I am trying to figure out the algebra in my book. How do you evaluate the scalar product of the dipole moment and the unit vector in the above equation?

I get $$qd cos \theta$$ but i am not sure if that is right.

Thank you

You might expand the fraction with $$|\vec r|$$!

This yields

$$\phi (\vec r) = \frac{1}{4\pi\varepsilon_o} \frac{\vec p \cdot |\vec r^{\,}|\hat{r} }{r^3}$$​

Maybe you cope with this!?

I dont understand how you expand the fraction. The vector, r in brackets is the norm of r?

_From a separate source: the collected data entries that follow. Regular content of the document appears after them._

(* Let $M$ be a lattice surface and let $\varphi\in\mathrm{Aff}(M)$ satisfy $D\varphi=-\mathrm{Id}$. Then every fixed point of $\varphi$ is a periodic point of $M$.
   Context: $\mathrm{Aff}(M)$ is the group of affine automorphisms of the compact translation surface $M$ (homeomorphisms which are affine in charts, possibly orientation reversing), and $D:\mathrm{Aff}(M)\to\mathrm{GL}_2(\mathbb{R})$ maps an affine automorphism to its linear part. $M$ is a lattice surface if $D(\mathrm{Aff}(M))$ (the Veech group) is a lattice in $\mathrm{SL}_2(\mathbb{R})$. A point $p\in M$ is periodic if its $\mathrm{Aff}(M)$-orbit is finite. *)

theory Defs
  imports "HOL-Analysis.Analysis"
begin

text \<open>The surface is the whole (Hausdorff) type 'a.
  Sigma is the finite set of cone points (possibly including marked points
  of cone angle 2 pi), A is a translation atlas of M - Sigma with charts into
  the complex plane (identified with R^2).\<close>

definition translation_atlas ::
  "'a::topological_space set \<Rightarrow> ('a set \<times> ('a \<Rightarrow> complex)) set \<Rightarrow> bool" where
  "translation_atlas S A \<longleftrightarrow>
     (\<forall>(U,f)\<in>A. open U \<and> U \<inter> S = {} \<and> open (f ` U) \<and>
                 (\<exists>g. homeomorphism U (f ` U) f g)) \<and>
     \<Union>(fst ` A) = UNIV - S \<and>
     (\<forall>(U,f)\<in>A. \<forall>(V,g)\<in>A. \<forall>x\<in>U \<inter> V.
        \<exists>W. open W \<and> x \<in> W \<and> W \<subseteq> U \<inter> V \<and> (\<exists>c. \<forall>y\<in>W. g y = f y + c)) \<and>
     (\<forall>s\<in>S. \<exists>V \<psi> \<psi>' (k::nat) r.
        open V \<and> s \<in> V \<and> V \<inter> S = {s} \<and> k \<ge> 1 \<and> r > 0 \<and>
        homeomorphism V (ball 0 r) \<psi> \<psi>' \<and> \<psi> s = 0 \<and>
        (\<forall>(U,f)\<in>A. \<forall>x\<in>U \<inter> V.
           \<exists>W. open W \<and> x \<in> W \<and> W \<subseteq> U \<inter> V \<and> (\<exists>c. \<forall>y\<in>W. f y = (\<psi> y) ^ k + c)))"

I see that r-hat is the unit vector. Shouldnt r-hat = r / |r|

you're right

$$\hat r = \frac{\vec r}{|\vec r^{\,}|} \qquad \Leftrightarrow \qquad \hat r \cdot |\vec r^{\,}| = \vec r$$​

this applied to the primary equation yields

$$\phi (\vec r) = \frac{1}{4\pi\varepsilon_o} \frac{\vec p \cdot |\vec r^{\,}|\hat{r} }{r^3} = \frac{1}{4\pi\varepsilon_o} \frac{\vec p \cdot \vec {r} }{r^3}$$​

it follows, that

$$\vec p \cdot \vec r = p r \cos \vartheta$$​

do you agree?

So does that mean that after evaluating the scalar product (where p = qd) the electric dipole potential would equal to

$$V(r) = \frac{q d cos\theta}{4 \pi \epsilon_o r^2}$$

Absolutely right! I hope that is a sufficient answer to your question!?

Yes I can now see the whole alegebra behind the equations in the book!

Thanks very much Saunderson!